TASK TO CARRY OUT:
Write all of the entries out again exactly.

Start of EXCERPTED DATA

(* The set $\mathfrak T=\mathfrak T_\infty\cup\mathfrak T_\boxplus$ of green graph rewriting rules finitely leads to the red spider.
   Context: Fix a positive integer $s$ and let $\mathbb S=\{1,\dots,s\}$ and $\bar{\mathbb S}=\mathbb S\cup\{\emptyset\}$ (elements of $\mathbb S$ are natural numbers, called labels). A green graph is a (finite or infinite) relational structure over the signature consisting of binary relations $H_i$, $i\in\bar{\mathbb S}$; an atom $H_i(x,y)$ is called an edge from $x$ to $y$ labelled $i$. A green graph rewriting rule is a first-order sentence of one of the following two kinds, where $I_1,I_2,I_3,I_4\in\bar{\mathbb S}\setminus\{3,4\}$, $I_1\neq I_3$ and $I_2\neq I_4$: (end-sharing rule) $[I_1,I_2\leftrightarrow I_3,I_4]_{\mathrm{end}}$ denotes $\forall x,x'\,\big[(\exists y\,H_{I_1}(x,y)\wedge H_{I_2}(x',y))\Leftrightarrow(\exists y\,H_{I_3}(x,y)\wedge H_{I_4}(x',y))\big]$; (start-sharing rule) $[I_1,I_2\leftrightarrow I_3,I_4]_{\mathrm{start}}$ denotes $\forall y,y'\,\big[(\exists x\,H_{I_1}(x,y)\wedge H_{I_2}(x,y'))\Leftrightarrow(\exists x\,H_{I_3}(x,y)\wedge H_{I_4}(x,y'))\big]$. A green graph contains a 1-2 pattern if it has edges $H_1(a,b)$ and $H_2(a',b)$ for some vertices $a,a',b$. A set $\mathcal T$ of green graph rewriting rules leads to the red spider (resp. finitely leads to the red spider) if every green graph (resp. every finite green graph) $\mathbb D$ with $\mathbb D\models\mathcal T$ which contains at least one edge labelled $\emptyset$ also contains a 1-2 pattern. Labels: $\alpha,\beta_0,\eta_0$ are pairwise distinct even elements and $\beta_1,\eta_1$ distinct odd elements of $\mathbb S\setminus\{1,2,3,4\}$. Further, the 32 codes $\langle x,\theta,\delta,\epsilon\rangle$ with $x\in\{n,e,s,w\}$, $\theta\in\{\alpha,\beta\}$, $\delta\in\{d,\bar d\}$, $\epsilon\in\{b,\bar b\}$ are identified injectively with elements of $\mathbb S\setminus\{3,4,\alpha,\beta_0,\beta_1,\eta_0,\eta_1\}$, in such a way that $\langle n,\alpha,\bar d,\bar b\rangle=1$ and $\langle w,\alpha,\bar d,\bar b\rangle=2$. $\mathfrak T_\infty$ consists of the three rules $[\emptyset,\emptyset\leftrightarrow\alpha,\eta_1]_{\mathrm{end}}$, $[\emptyset,\eta_1\leftrightarrow\eta_0,\beta_1]_{\mathrm{start}}$, $[\emptyset,\eta_0\leftrightarrow\eta_1,\beta_0]_{\mathrm{end}}$. $\mathfrak T_\boxplus$ consists of the following 41 rules: $[\beta_0,\beta_0\leftrightarrow\langle n,\beta,d,b\rangle,\langle w,\beta,d,b\rangle]_{\mathrm{end}}$; $[\beta_1,\langle n,\beta,d,b\rangle\leftrightarrow\langle s,\beta,\bar d,b\rangle,\langle e,\beta,d,\bar b\rangle]_{\mathrm{start}}$; $[\beta_0,\langle s,\beta,\bar d,b\rangle\leftrightarrow\langle n,\beta,\bar d,b\rangle,\langle w,\beta,\bar d,\bar b\rangle]_{\mathrm{end}}$; $[\beta_1,\langle n,\beta,\bar d,b\rangle\leftrightarrow\langle s,\beta,\bar d,b\rangle,\langle e,\beta,\bar d,\bar b\rangle]_{\mathrm{start}}$; $[\alpha,\langle s,\beta,\bar d,b\rangle\leftrightarrow\langle n,\beta,\bar d,b\rangle,\langle w,\alpha,\bar d,\bar b\rangle]_{\mathrm{end}}$; $[\beta_1,\langle w,\beta,d,b\rangle\leftrightarrow\langle e,\beta,\bar d,b\rangle,\langle s,\beta,d,\bar b\rangle]_{\mathrm{start}}$; $[\beta_0,\langle e,\beta,\bar d,b\rangle\leftrightarrow\langle w,\beta,\bar d,b\rangle,\langle n,\beta,\bar d,\bar b\rangle]_{\mathrm{end}}$; $[\beta_1,\langle w,\beta,\bar d,b\rangle\leftrightarrow\langle e,\beta,\bar d,b\rangle,\langle s,\beta,\bar d,\bar b\rangle]_{\mathrm{start}}$; $[\alpha,\langle e,\beta,\bar d,b\rangle\leftrightarrow\langle w,\beta,\bar d,b\rangle,\langle n,\alpha,\bar d,\bar b\rangle]_{\mathrm{end}}$; and, for all $X,Y\in\{d,\bar d\}$ and $\Theta,\Omega\in\{\alpha,\beta\}$, the rules $[\langle e,\Theta,X,\bar b\rangle,\langle s,\Omega,Y,\bar b\rangle\leftrightarrow\langle n,\Omega,X,\bar b\rangle,\langle w,\Theta,Y,\bar b\rangle]_{\mathrm{end}}$ and $[\langle w,\Theta,X,\bar b\rangle,\langle n,\Omega,Y,\bar b\rangle\leftrightarrow\langle s,\Omega,X,\bar b\rangle,\langle e,\Theta,Y,\bar b\rangle]_{\mathrm{start}}$. *)

theory Defs
  imports Main
begin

End of EXCERPTED DATA

WRITTEN RESPONSE:
(* The set $\mathfrak T=\mathfrak T_\infty\cup\mathfrak T_\boxplus$ of green graph rewriting rules finitely leads to the red spider.
   Context: Fix a positive integer $s$ and let $\mathbb S=\{1,\dots,s\}$ and $\bar{\mathbb S}=\mathbb S\cup\{\emptyset\}$ (elements of $\mathbb S$ are natural numbers, called labels). A green graph is a (finite or infinite) relational structure over the signature consisting of binary relations $H_i$, $i\in\bar{\mathbb S}$; an atom $H_i(x,y)$ is called an edge from $x$ to $y$ labelled $i$. A green graph rewriting rule is a first-order sentence of one of the following two kinds, where $I_1,I_2,I_3,I_4\in\bar{\mathbb S}\setminus\{3,4\}$, $I_1\neq I_3$ and $I_2\neq I_4$: (end-sharing rule) $[I_1,I_2\leftrightarrow I_3,I_4]_{\mathrm{end}}$ denotes $\forall x,x'\,\big[(\exists y\,H_{I_1}(x,y)\wedge H_{I_2}(x',y))\Leftrightarrow(\exists y\,H_{I_3}(x,y)\wedge H_{I_4}(x',y))\big]$; (start-sharing rule) $[I_1,I_2\leftrightarrow I_3,I_4]_{\mathrm{start}}$ denotes $\forall y,y'\,\big[(\exists x\,H_{I_1}(x,y)\wedge H_{I_2}(x,y'))\Leftrightarrow(\exists x\,H_{I_3}(x,y)\wedge H_{I_4}(x,y'))\big]$. A green graph contains a 1-2 pattern if it has edges $H_1(a,b)$ and $H_2(a',b)$ for some vertices $a,a',b$. A set $\mathcal T$ of green graph rewriting rules leads to the red spider (resp. finitely leads to the red spider) if every green graph (resp. every finite green graph) $\mathbb D$ with $\mathbb D\models\mathcal T$ which contains at least one edge labelled $\emptyset$ also contains a 1-2 pattern. Labels: $\alpha,\beta_0,\eta_0$ are pairwise distinct even elements and $\beta_1,\eta_1$ distinct odd elements of $\mathbb S\setminus\{1,2,3,4\}$. Further, the 32 codes $\langle x,\theta,\delta,\epsilon\rangle$ with $x\in\{n,e,s,w\}$, $\theta\in\{\alpha,\beta\}$, $\delta\in\{d,\bar d\}$, $\epsilon\in\{b,\bar b\}$ are identified injectively with elements of $\mathbb S\setminus\{3,4,\alpha,\beta_0,\beta_1,\eta_0,\eta_1\}$, in such a way that $\langle n,\alpha,\bar d,\bar b\rangle=1$ and $\langle w,\alpha,\bar d,\bar b\rangle=2$. $\mathfrak T_\infty$ consists of the three rules $[\emptyset,\emptyset\leftrightarrow\alpha,\eta_1]_{\mathrm{end}}$, $[\emptyset,\eta_1\leftrightarrow\eta_0,\beta_1]_{\mathrm{start}}$, $[\emptyset,\eta_0\leftrightarrow\eta_1,\beta_0]_{\mathrm{end}}$. $\mathfrak T_\boxplus$ consists of the following 41 rules: $[\beta_0,\beta_0\leftrightarrow\langle n,\beta,d,b\rangle,\langle w,\beta,d,b\rangle]_{\mathrm{end}}$; $[\beta_1,\langle n,\beta,d,b\rangle\leftrightarrow\langle s,\beta,\bar d,b\rangle,\langle e,\beta,d,\bar b\rangle]_{\mathrm{start}}$; $[\beta_0,\langle s,\beta,\bar d,b\rangle\leftrightarrow\langle n,\beta,\bar d,b\rangle,\langle w,\beta,\bar d,\bar b\rangle]_{\mathrm{end}}$; $[\beta_1,\langle n,\beta,\bar d,b\rangle\leftrightarrow\langle s,\beta,\bar d,b\rangle,\langle e,\beta,\bar d,\bar b\rangle]_{\mathrm{start}}$; $[\alpha,\langle s,\beta,\bar d,b\rangle\leftrightarrow\langle n,\beta,\bar d,b\rangle,\langle w,\alpha,\bar d,\bar b\rangle]_{\mathrm{end}}$; $[\beta_1,\langle w,\beta,d,b\rangle\leftrightarrow\langle e,\beta,\bar d,b\rangle,\langle s,\beta,d,\bar b\rangle]_{\mathrm{start}}$; $[\beta_0,\langle e,\beta,\bar d,b\rangle\leftrightarrow\langle w,\beta,\bar d,b\rangle,\langle n,\beta,\bar d,\bar b\rangle]_{\mathrm{end}}$; $[\beta_1,\langle w,\beta,\bar d,b\rangle\leftrightarrow\langle e,\beta,\bar d,b\rangle,\langle s,\beta,\bar d,\bar b\rangle]_{\mathrm{start}}$; $[\alpha,\langle e,\beta,\bar d,b\rangle\leftrightarrow\langle w,\beta,\bar d,b\rangle,\langle n,\alpha,\bar d,\bar b\rangle]_{\mathrm{end}}$; and, for all $X,Y\in\{d,\bar d\}$ and $\Theta,\Omega\in\{\alpha,\beta\}$, the rules $[\langle e,\Theta,X,\bar b\rangle,\langle s,\Omega,Y,\bar b\rangle\leftrightarrow\langle n,\Omega,X,\bar b\rangle,\langle w,\Theta,Y,\bar b\rangle]_{\mathrm{end}}$ and $[\langle w,\Theta,X,\bar b\rangle,\langle n,\Omega,Y,\bar b\rangle\leftrightarrow\langle s,\Omega,X,\bar b\rangle,\langle e,\Theta,Y,\bar b\rangle]_{\mathrm{start}}$. *)

theory Defs
  imports Main
begin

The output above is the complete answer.